Для садовника есть правила, которыми он необходимо руководствуется при хождении за деревьями. Он соображается не только с индивидуальною природою каждого растения, но и со временами года, с погодою, с качеством почвы.
Каждое растение имеет для него свои эпохи возрастания, сообразно с которыми он и располагает свои с ним действия: он не сделает прививки к стеблю, еще переформировавшемуся в ствол, ни к старому дереву, уже готовому засохнуть.
Человек имеет свои эпохи возрастания, не сообразуясь с которыми можно затушить в нем всякое развитие. Орудием и посредником воспитания должна быть любовь, а целью - человечность...
Под человечностью мы разумеем живое соединение в одном лице тех общих элементов духа, которые равно необходимы для всякого человека, какой бы он ни был нации, какого бы он ни был звания, состояния, в каком бы возрасте жизни и при каких бы обстоятельствах ни находился, - тех общих элементов, которые должны составлять его внутреннюю жизнь, его драгоценнейшее сокровище и без которых он не человек.

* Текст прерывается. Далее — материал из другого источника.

(* Let $R$ be an associative ring with unity, $\sigma$ an endomorphism of $R$ and $\delta$ a $\sigma$-derivation of $R$. Assume that $Re$ is $(\sigma,\delta)$-stable for all $e\in\mathcal{S}_\ell(R)$ and that $R$ satisfies the condition $(\mathcal{C}_\sigma)$. If $R$ is right p.q.-Baer, then the Ore extension $R[x;\sigma,\delta]$ is right p.q.-Baer.
   Context: A $\sigma$-derivation is an additive map $\delta$ with $\delta(ab)=\sigma(a)\delta(b)+\delta(a)b$. $R[x;\sigma,\delta]$ is the ring of polynomials $\sum a_ix^i$ ($a_i\in R$, coefficients on the left) with multiplication determined by that of $R$ and $xa=\sigma(a)x+\delta(a)$. $\mathcal{S}_\ell(R)$ is the set of idempotents $e$ with $ere=re$ for all $r\in R$. A subset $X$ is $(\sigma,\delta)$-stable if $\sigma(X)\subseteq X$ and $\delta(X)\subseteq X$. $R$ satisfies $(\mathcal{C}_\sigma)$ if $a\sigma(b)=0$ implies $ab=0$ for all $a,b\in R$. A ring $T$ is right p.q.-Baer if the right annihilator $r_T(aT)=\{t\in T\mid aTt=0\}$ of every principal right ideal $aT$ is generated (as a right ideal) by an idempotent. *)

theory Defs
  imports "HOL-Computational_Algebra.Polynomial"
begin

definition ring_endo :: "('a::ring_1 \<Rightarrow> 'a) \<Rightarrow> bool" where
  "ring_endo \<sigma> \<longleftrightarrow> (\<forall>a b. \<sigma> (a + b) = \<sigma> a + \<sigma> b) \<and>
                   (\<forall>a b. \<sigma> (a * b) = \<sigma> a * \<sigma> b) \<and> \<sigma> 1 = 1"

definition sigma_derivation :: "('a::ring_1 \<Rightarrow> 'a) \<Rightarrow> ('a \<Rightarrow> 'a) \<Rightarrow> bool" where
  "sigma_derivation \<sigma> \<delta> \<longleftrightarrow> (\<forall>a b. \<delta> (a + b) = \<delta> a + \<delta> b) \<and>
                   (\<forall>a b. \<delta> (a * b) = \<sigma> a * \<delta> b + \<delta> a * b)"

text \<open>Coefficients of x^n a = sum_k (xcoef n a k) x^k in R[x;sigma,delta],
  computed from x c = sigma(c) x + delta(c).\<close>
fun xcoef :: "('a::ring_1 \<Rightarrow> 'a) \<Rightarrow> ('a \<Rightarrow> 'a) \<Rightarrow> nat \<Rightarrow> 'a \<Rightarrow> nat \<Rightarrow> 'a" where
  "xcoef \<sigma> \<delta> 0 a k = (if k = 0 then a else 0)"
| "xcoef \<sigma> \<delta> (Suc n) a k =
     (if k = 0 then 0 else \<sigma> (xcoef \<sigma> \<delta> n a (k - 1))) + \<delta> (xcoef \<sigma> \<delta> n a k)"

text \<open>Multiplication of the Ore extension R[x;sigma,delta] on polynomials
  with left coefficients (sum p_i x^i)(sum q_j x^j) = sum p_i (x^i q_j) x^j.\<close>
definition ore_mult :: "('a::ring_1 \<Rightarrow> 'a) \<Rightarrow> ('a \<Rightarrow> 'a) \<Rightarrow> 'a poly \<Rightarrow> 'a poly \<Rightarrow> 'a poly" where
  "ore_mult \<sigma> \<delta> p q =
     (\<Sum>i\<le>degree p. \<Sum>j\<le>degree q. \<Sum>k\<le>i.
        monom (coeff p i * xcoef \<sigma> \<delta> i (coeff q j) k) (k + j))"

definition S_l :: "'a::ring_1 set" where
  "S_l = {e. e * e = e \<and> (\<forall>r. e * r * e = r * e)}"

definition sd_stable :: "('a \<Rightarrow> 'a) \<Rightarrow> ('a \<Rightarrow> 'a) \<Rightarrow> 'a set \<Rightarrow> bool" where
  "sd_stable \<sigma> \<delta> X \<longleftrightarrow> \<sigma> ` X \<subseteq> X \<and> \<delta> ` X \<subseteq> X"

definition cond_C_sigma :: "('a::ring_1 \<Rightarrow> 'a) \<Rightarrow> bool" where
  "cond_C_sigma \<sigma> \<longleftrightarrow> (\<forall>a b. a * \<sigma> b = 0 \<longrightarrow> a * b = 0)"

text \<open>Right p.q.-Baer for a ring given by its multiplication and zero (carrier = whole type):
  for every a, r(aT) = {t. a T t = 0} equals eT for some idempotent e.\<close>
definition right_pq_Baer :: "('b \<Rightarrow> 'b \<Rightarrow> 'b) \<Rightarrow> 'b \<Rightarrow> bool" where
  "right_pq_Baer mul z \<longleftrightarrow>
     (\<forall>a. \<exists>e. mul e e = e \<and> {t. \<forall>s. mul (mul a s) t = z} = range (mul e))"

end

theory Submission imports Defs begin

text \<open>The key fact is that \<open>f T g = 0\<close> forces \<open>f\<^sub>i R g\<^sub>j = 0\<close> for
  all coefficients; it is proved by induction on \<open>deg f + deg g\<close>, comparing leading terms with
  the help of \<open>(C\<^sub>\<sigma>)\<close> and splitting \<open>g\<close> along the left semicentral idempotent that
  generates the right annihilator of the leading coefficient of \<open>f\<close>. Hence \<open>r(fT)\<close> consists
  of the polynomials with coefficients in \<open>\<Inter>\<^sub>i r(f\<^sub>iR) = eR\<close> for a left semicentral
  idempotent \<open>e\<close>; conversely such polynomials are annihilated because \<open>eR\<close> is a
  \<open>(\<sigma>,\<delta>)\<close>-stable ideal. Thus \<open>r(fT) = eT\<close>.\<close>

definition smult_left :: "'a::ring_1 \<Rightarrow> 'a poly \<Rightarrow> 'a poly" where
  "smult_left c p = map_poly (\<lambda>x. c * x) p"

lemma coeff_smult_left [simp]: "coeff (smult_left c p) n = c * coeff p n"
  by (simp add: smult_left_def coeff_map_poly)

lemma smult_left_0 [simp]: "smult_left 0 p = 0" "smult_left c 0 = 0"
  by (simp_all add: poly_eq_iff)

lemma smult_left_add_left: "smult_left (a + b) p = smult_left a p + smult_left b p"
  by (simp add: poly_eq_iff distrib_right)

lemma smult_left_add_right: "smult_left c (p + q) = smult_left c p + smult_left c q"
  by (simp add: poly_eq_iff distrib_left)

lemma smult_left_diff_right: "smult_left c (p - q) = smult_left c p - smult_left c q"
  by (simp add: poly_eq_iff algebra_simps)

lemma smult_left_smult_left: "smult_left a (smult_left b p) = smult_left (a * b) p"
  by (simp add: poly_eq_iff mult.assoc)

lemma smult_left_sum_right: "smult_left c (\<Sum>i\<in>A. f i) = (\<Sum>i\<in>A. smult_left c (f i))"
  by (induct A rule: infinite_finite_induct) (simp_all add: smult_left_add_right)

lemma degree_smult_left_le: "degree (smult_left c p) \<le> degree p"
  by (rule degree_le) (simp add: coeff_eq_0)

lemma poly_eq_0_or_degree_less:
  assumes "\<And>k. n \<le> k \<Longrightarrow> coeff q k = 0"
  shows "q = 0 \<or> degree q < n"
  using assms leading_coeff_0_iff not_le_imp_less by blast

subsection \<open>Left semicentral idempotents\<close>

lemma S_l_iff: "e \<in> S_l \<longleftrightarrow> e * e = e \<and> (\<forall>r. e * r * e = r * e)"
  by (simp add: S_l_def)

lemma mem_range_mult_idem_iff:
  fixes e :: "'a::semigroup_mult"
  assumes "e * e = e"
  shows "y \<in> range ((*) e) \<longleftrightarrow> e * y = y"
proof
  assume "y \<in> range ((*) e)"
  then obtain z where "y = e * z" by blast
  then show "e * y = y" using assms by (simp flip: mult.assoc)
next
  assume "e * y = y"
  then show "y \<in> range ((*) e)" using rangeI[of "(*) e" y] by simp
qed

Как отрадно бывает встретить в старике, который был лишен всякого образования, провел всю жизнь свою в практической деятельности, совершенно чуждой всего идеального, мечтательного и поэтического, как отрадно встретить теплое чувство, не подавленное бременем годов и железными заботами жизни, любовь и снисхождение к юности, к ее ветреным забавам, ее шумной радости, ее мечтам, и грустным и светлым, и пламенным и гордым! Как отрадно увидеть на его устах кроткую улыбку удовольствия, чистую слезу умиления от песни, от стихотворения, от повести!..

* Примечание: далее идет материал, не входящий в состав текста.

(* For each $p$, let $a_{p,1}\ge a_{p,2}\ge\dots\ge a_{p,p}\ge0$ and $b_{p,1}\ge\dots\ge b_{p,p}\ge0$ be real numbers with $\sum_{j=1}^pa_{p,j}^2=\sum_{j=1}^pb_{p,j}^2=1$, and assume $\max_{j\le p}|a_{p,j}-b_{p,j}|\to0$ as $p\to\infty$. Let $\eta_j$ be i.i.d. $\chi^2_1$ random variables, $\eta'_j=\eta_j-1$, $V_a=\sum_{j=1}^pa_{p,j}\eta'_j$ and $V_b=\sum_{j=1}^pb_{p,j}\eta'_j$. Then $$\sup_{x\in\mathbb{R}}|\mathbb{P}(V_a\le x)-\mathbb{P}(V_b\le x)|\to0\quad\text{as }p\to\infty.$$ *)

theory Defs
  imports "HOL-Probability.Probability"
begin

definition chi2_1_density :: "real \<Rightarrow> ennreal" where
  "chi2_1_density x = (if x > 0 then ennreal (exp (- x / 2) / sqrt (2 * pi * x)) else 0)"

end

theory Submission
  imports Defs
begin

(* Every subsequence has a further subsequence along which the largest weight a_{p,1}
   converges, say to alpha.  If alpha = 0, comparing characteristic functions factor by factor
   with Gaussian ones shows that V_a and V_b both converge in law to the same centred normal
   distribution.  If alpha > 0, both families are tight (their variances are fixed), so along a
   further subsequence they converge weakly.  Their characteristic functions are products of
   the characteristic function of eta'_1 at the points a_{p,j} t and b_{p,j} t: the first K
   factors agree up to O(K max_j |a_{p,j} - b_{p,j}|), and the remaining factors, whose weights
   are at most 1/sqrt(K+1), are close to Gaussian factors with almost equal variances.  Hence
   the two limits coincide.  The limit has no atoms, since V_a contains the independent summand
   a_{p,1} eta'_1 with a_{p,1} >= alpha/2, which puts uniformly small mass on short intervals.
   In both cases Polya's theorem upgrades weak convergence to an atomless limit into uniform
   convergence of the distribution functions. *)

lemma abs_exp_minus_sub_linear_le:
  fixes x :: real
  assumes "0 \<le> x"
  shows "\<bar>exp (- x) - (1 - x)\<bar> \<le> x\<^sup>2 / 2"
proof -
  define f where "f y = 1 - y + y\<^sup>2 / 2 - exp (- y)" for y :: real
  have "f 0 \<le> f x"
  proof (rule DERIV_nonneg_imp_nondecreasing[OF assms])
    fix y :: real
    have "(f has_real_derivative (- 1 + y + exp (- y))) (at y)"
      unfolding f_def by (auto intro!: derivative_eq_intros simp: power2_eq_square)
    then show "\<exists>y'. (f has_real_derivative y') (at y) \<and> 0 \<le> y'"
      using exp_ge_add_one_self[of "- y"] by auto
  qed
  then show ?thesis
    using exp_ge_add_one_self[of "- x"] by (simp add: f_def)
qed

О, станьте на колени перед таким стариком, почтите за честь и счастье его ласковый привет, его дружеское пожатие руки: в нем есть человечность! Он в миллион раз лучше этих сомневающихся и разочарованных юношей, которые увяли, не расцветши, - этих почтенных лысин и седин, которые рутиной хотят заменить ум и дарования, холодным резонерством теплое чувство, внешним и заимствованным блеском отличий внутреннюю пустоту и ничтожность, а важными и строгими рассуждениями о нравственности - сухость и мертвенность своих деревянных сердец!..
Не говорите детям о том, чего они еще не в состоянии понять своим умом
Обращайте ваше внимание не столько на истребление недостатков и пороков в детях, сколько на наполнение их животворящею любовью: будет любовь - не будет пороков. Истребление дурного без наполнения хорошим - бесплодно. (...)
Не упускайте из вида ни одной стороны воспитания: говорите детям и об опрятности, о внешней чистоте, о благородстве и достоинстве манер и обращения с людьми; но выводите необходимость всего этого из общего и из высшего источника - не из условных требований общественного звания или сословия, но из высокости человеческого звания, не из условных понятий о приличии, но из вечных понятий о достоинстве человеческом.
Внушайте им, что внешняя чистота и изящество должны быть выражением внутренней чистоты и красоты.
Уважение к имени человеческому, бесконечная любовь к человеку за то только, что он человек, без всяких отношений к своей личности и к его национальности, вере или званию, даже личному его достоинству или не достоинству, словом, бесконечная любовь и бесконечное уважение к человечеству даже в лице последнейшего из его членов должны быть стихией, воздухом, жизнью человека.
В. Г. Белинский О воспитании детей. Хрестоматия по истории педагогики - М., 1971.- С.261-272. В сокращении.